The Pennsylvania Licensed Beverage and Tavern Association sat down with Tim Holden recently to learn more about him and his goals at the Pennsylvania Liquor Control Board. Holden was nominated to the Pennsylvania Liquor Control Board by Gov. Tom Corbett on June 14, 2013. He was named Chairman of the PLCB by Gov. Tom Wolf on Feb. 17, 2015. Prior to his appointment to the PLCB, Holden was the US Congressman for Central Pennsylvania’s 17th congressional district from 1993 to 2013, and before that, Sheriff of Schuylkill County. He is a resident of St. Clair, near Pottsville, and a graduate of Bloomsburg University.

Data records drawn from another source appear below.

lemma bracket_numerator_sums:
  assumes R: "0 < R" and qR: "norm q * exp (2 * R) < 1" and u: "norm u \<le> R"
  shows "(\<lambda>n. u ^ n / fact n * p_fun_gf q n) sums (\<Sum>\<^sub>\<infinity>lam\<in>partitions. row_exp_sum u lam * q ^ psize lam)"
proof -
  obtain H where H: "(bracket_term q u has_sum H) (partitions \<times> UNIV)"
    using summable_on_bracket_term[OF R qR u] has_sum_infsum by blast
  have "((\<lambda>n. bracket_term q u (lam, n)) has_sum (row_exp_sum u lam * q ^ psize lam)) UNIV"
    if lam: "lam \<in> partitions" for lam
  proof -
    have "(\<lambda>n. bracket_term q u (lam, n)) summable_on UNIV"
      using summable_on_SigmaD1[of "\<lambda>lam n. bracket_term q u (lam, n)" partitions "\<lambda>_. UNIV" lam] H lam
      by (auto simp: summable_on_def)
    moreover have "(\<lambda>n. bracket_term q u (lam, n)) sums (row_exp_sum u lam * q ^ psize lam)"
      unfolding bracket_term_def using sums_mult2[OF row_exp_sum_sums[OF lam]] by simp
    ultimately show ?thesis
      by (metis has_sum_imp_sums has_sum_infsum sums_unique2)
  qed
  then have "((\<lambda>lam. row_exp_sum u lam * q ^ psize lam) has_sum H) partitions"
    by (rule has_sum_SigmaD[OF H])
  moreover have H': "((\<lambda>(n, lam). bracket_term q u (lam, n)) has_sum H) (UNIV \<times> partitions)"
    using H by (subst (asm) has_sum_swap) simp
  have "((\<lambda>lam. bracket_term q u (lam, n)) has_sum (u ^ n / fact n * p_fun_gf q n)) partitions" for n
  proof -
    have "(\<lambda>lam. bracket_term q u (lam, n)) summable_on partitions"
      using summable_on_SigmaD1[of "\<lambda>n lam. bracket_term q u (lam, n)" UNIV "\<lambda>_. partitions" n] H'
      by (auto simp: summable_on_def)
    moreover have "infsum (\<lambda>lam. bracket_term q u (lam, n)) partitions = u ^ n / fact n * p_fun_gf q n"
      unfolding p_fun_gf_def bracket_term_def by (simp add: mult.assoc flip: infsum_cmult_right')
    ultimately show ?thesis by (metis has_sum_infsum)
  qed
  then have "((\<lambda>n. u ^ n / fact n * p_fun_gf q n) has_sum H) UNIV"
    using has_sum_SigmaD[OF H'[unfolded case_prod_beta']] by simp
  ultimately show ?thesis
    using has_sum_imp_sums infsumI by metis
qed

PLBTA: Thinking back to when you first became involved in politics and government, what motivated you to do so
TH: Being in politics is sort of the family business. My father was a Schuylkill County commissioner when I was two years old. He retired from that position my senior year in high school. My grandfather was a borough councilman. My great-grandfather was president of the first miners’ union, the Workingmen’s Benevolent Association. Growing up, we were always talking about politics and sports around the table every night at dinner. I was always taught that public service was a noble profession.

PLBTA: As chair of the PLCB, what is your priority? Can you describe your role as chair?
TH: I really enjoy being chairman of the PLCB at this point in its history. There are so many things going on, so many positive changes. Act 39 of 2016 was really was transformational, and I was proud to see the whole agency come together to adapt and complete all the things the PLCB had to do with great professionalism. The PLCB is a $2.7 billion business, and we are running more smoothly, more efficiently, and more professionally than ever before.

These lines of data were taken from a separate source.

lemma saw_weight_clamp01:
  "saw_weight n f g x y = saw_weight n (\<lambda>i. clamp01 (f i)) (\<lambda>i. clamp01 (g i)) x y"
proof (cases "\<forall>j\<in>{1..n+1}. x j \<in> {0..1}")
  case True
  have "tooth_factor f g x y i = tooth_factor (\<lambda>i. clamp01 (f i)) (\<lambda>i. clamp01 (g i)) x y i"
    if "i \<in> {1..n}" for i
  proof -
    have "x i \<in> {0..1}" "x (Suc i) \<in> {0..1}" using True that by auto
    then show ?thesis by (auto simp: tooth_factor_def indicator_def)
  qed
  then show ?thesis unfolding saw_weight_tooth_factors by simp
next
  case False
  then obtain j where j: "j \<in> {1..n+1}" "x j \<notin> {0..1}" by blast
  then have "indicator {0..1} (x j) = (0::real)" by simp
  then have "(\<Prod>i\<in>{1..n+1}. indicator {0..1} (x i) :: real) = 0"
    using j(1) by (intro prod_zero) auto
  then show ?thesis unfolding saw_weight_tooth_factors by simp
qed

lemma saw_weight_first_tooth:
  assumes "1 \<le> n"
  shows "saw_weight n f g (x(1 := t)) y = tooth_weight (f 1) (g 1) t (x 2) (y 1) * tail_weight n f g x y"
proof -
  have "{1..n+1} = insert 1 (insert 2 {3..n+1})" "{1..n} = insert 1 {2..n}" using assms by auto
  moreover have "(\<Prod>i\<in>{2..n}. tooth_factor f g (x(1 := t)) y i) = (\<Prod>i\<in>{2..n}. tooth_factor f g x y i)"
    by (rule prod.cong) (auto simp: tooth_factor_def)
  moreover have "tooth_factor f g (x(1 := t)) y 1 = indicator {0..1} (y 1) * (if t \<le> y 1 then 1 else 0)
      * (if x 2 \<le> y 1 then 1 else 0) * f 1 (y 1 - t) * g 1 (y 1 - x 2)"
    by (simp add: tooth_factor_def numeral_2_eq_2)
  ultimately show ?thesis
    unfolding saw_weight_tooth_factors tail_weight_def tooth_weight_def by (simp add: mult_ac)
qed

lemma tail_weight_fun_upd_1: "tail_weight n f g x (y(1 := v)) = tail_weight n f g x y"
  unfolding tail_weight_def by (intro arg_cong2[where f="(*)"] refl prod.cong) (auto simp: tooth_factor_def)

lemma indicator_unit_interval_measurable:
  fixes X :: "'a \<Rightarrow> nat \<Rightarrow> real"
  assumes "(\<lambda>w. X w i) \<in> borel_measurable M"
  shows "(\<lambda>w. indicator {0..1} (X w i) :: real) \<in> borel_measurable M"
  by (rule measurable_compose[OF assms borel_measurable_indicator[OF atLeastAtMost_borel]])

lemma tooth_factor_measurable:
  assumes [measurable]: "f i \<in> borel_measurable borel" "g i \<in> borel_measurable borel"
    "(\<lambda>w. X w i) \<in> borel_measurable M" "(\<lambda>w. X w (Suc i)) \<in> borel_measurable M"
    "(\<lambda>w. Y w i) \<in> borel_measurable M"
  shows "(\<lambda>w. tooth_factor f g (X w) (Y w) i) \<in> borel_measurable M"
  unfolding tooth_factor_def by measurable

lemma saw_weight_measurable:
  assumes "\<And>i. i \<in> {1..n} \<Longrightarrow> f i \<in> borel_measurable borel" "\<And>i. i \<in> {1..n} \<Longrightarrow> g i \<in> borel_measurable borel"
    and "\<And>i. i \<in> {1..n+1} \<Longrightarrow> (\<lambda>w. X w i) \<in> borel_measurable M"
    and "\<And>i. i \<in> {1..n} \<Longrightarrow> (\<lambda>w. Y w i) \<in> borel_measurable M"
  shows "(\<lambda>w. saw_weight n f g (X w) (Y w)) \<in> borel_measurable M"
  unfolding saw_weight_tooth_factors using assms
  by (intro borel_measurable_times borel_measurable_prod tooth_factor_measurable
      indicator_unit_interval_measurable) auto

lemma tail_weight_measurable:
  assumes "\<And>i. i \<in> {2..n} \<Longrightarrow> f i \<in> borel_measurable borel" "\<And>i. i \<in> {2..n} \<Longrightarrow> g i \<in> borel_measurable borel"
    and "\<And>i. i \<in> {2..n+1} \<Longrightarrow> (\<lambda>w. X w i) \<in> borel_measurable M"
    and "\<And>i. i \<in> {2..n} \<Longrightarrow> (\<lambda>w. Y w i) \<in> borel_measurable M"
  shows "(\<lambda>w. tail_weight n f g (X w) (Y w)) \<in> borel_measurable M"
  unfolding tail_weight_def using assms
  by (intro borel_measurable_times borel_measurable_prod tooth_factor_measurable
      indicator_unit_interval_measurable) auto

lemma saw_weight_nonneg:
  assumes "\<And>i u. i \<in> {1..n} \<Longrightarrow> 0 \<le> f i u" "\<And>i u. i \<in> {1..n} \<Longrightarrow> 0 \<le> g i u"
  shows "0 \<le> saw_weight n f g x y"
  unfolding saw_weight_tooth_factors using assms
  by (intro mult_nonneg_nonneg prod_nonneg) (auto simp: tooth_factor_def indicator_def)

lemma tail_weight_nonneg:
  assumes "\<And>i u. i \<in> {2..n} \<Longrightarrow> 0 \<le> f i u" "\<And>i u. i \<in> {2..n} \<Longrightarrow> 0 \<le> g i u"
  shows "0 \<le> tail_weight n f g x y"
  unfolding tail_weight_def using assms
  by (intro mult_nonneg_nonneg prod_nonneg) (auto simp: tooth_factor_def indicator_def)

As chairman, it’s my job to make sure we continue to operate that way. I work very closely with Board Members Mike Negra and Mary Isenhour and with our Executive Team to make sure the PLCB remains as successful and efficient as possible. We have stressed improving the customer experience and we are trying to be as consumer-friendly as possible. We’re also making sure our Bureau of Licensing has the resources it needs to support almost 21,000 licensees and permittees.

This Board also takes its role in promoting responsible alcohol consumption very seriously, and we’ve committed serious funds to campaigns such as Know When. Know How.SM, an award-winning campaign that reaches out to parents of children as young as 8 years old.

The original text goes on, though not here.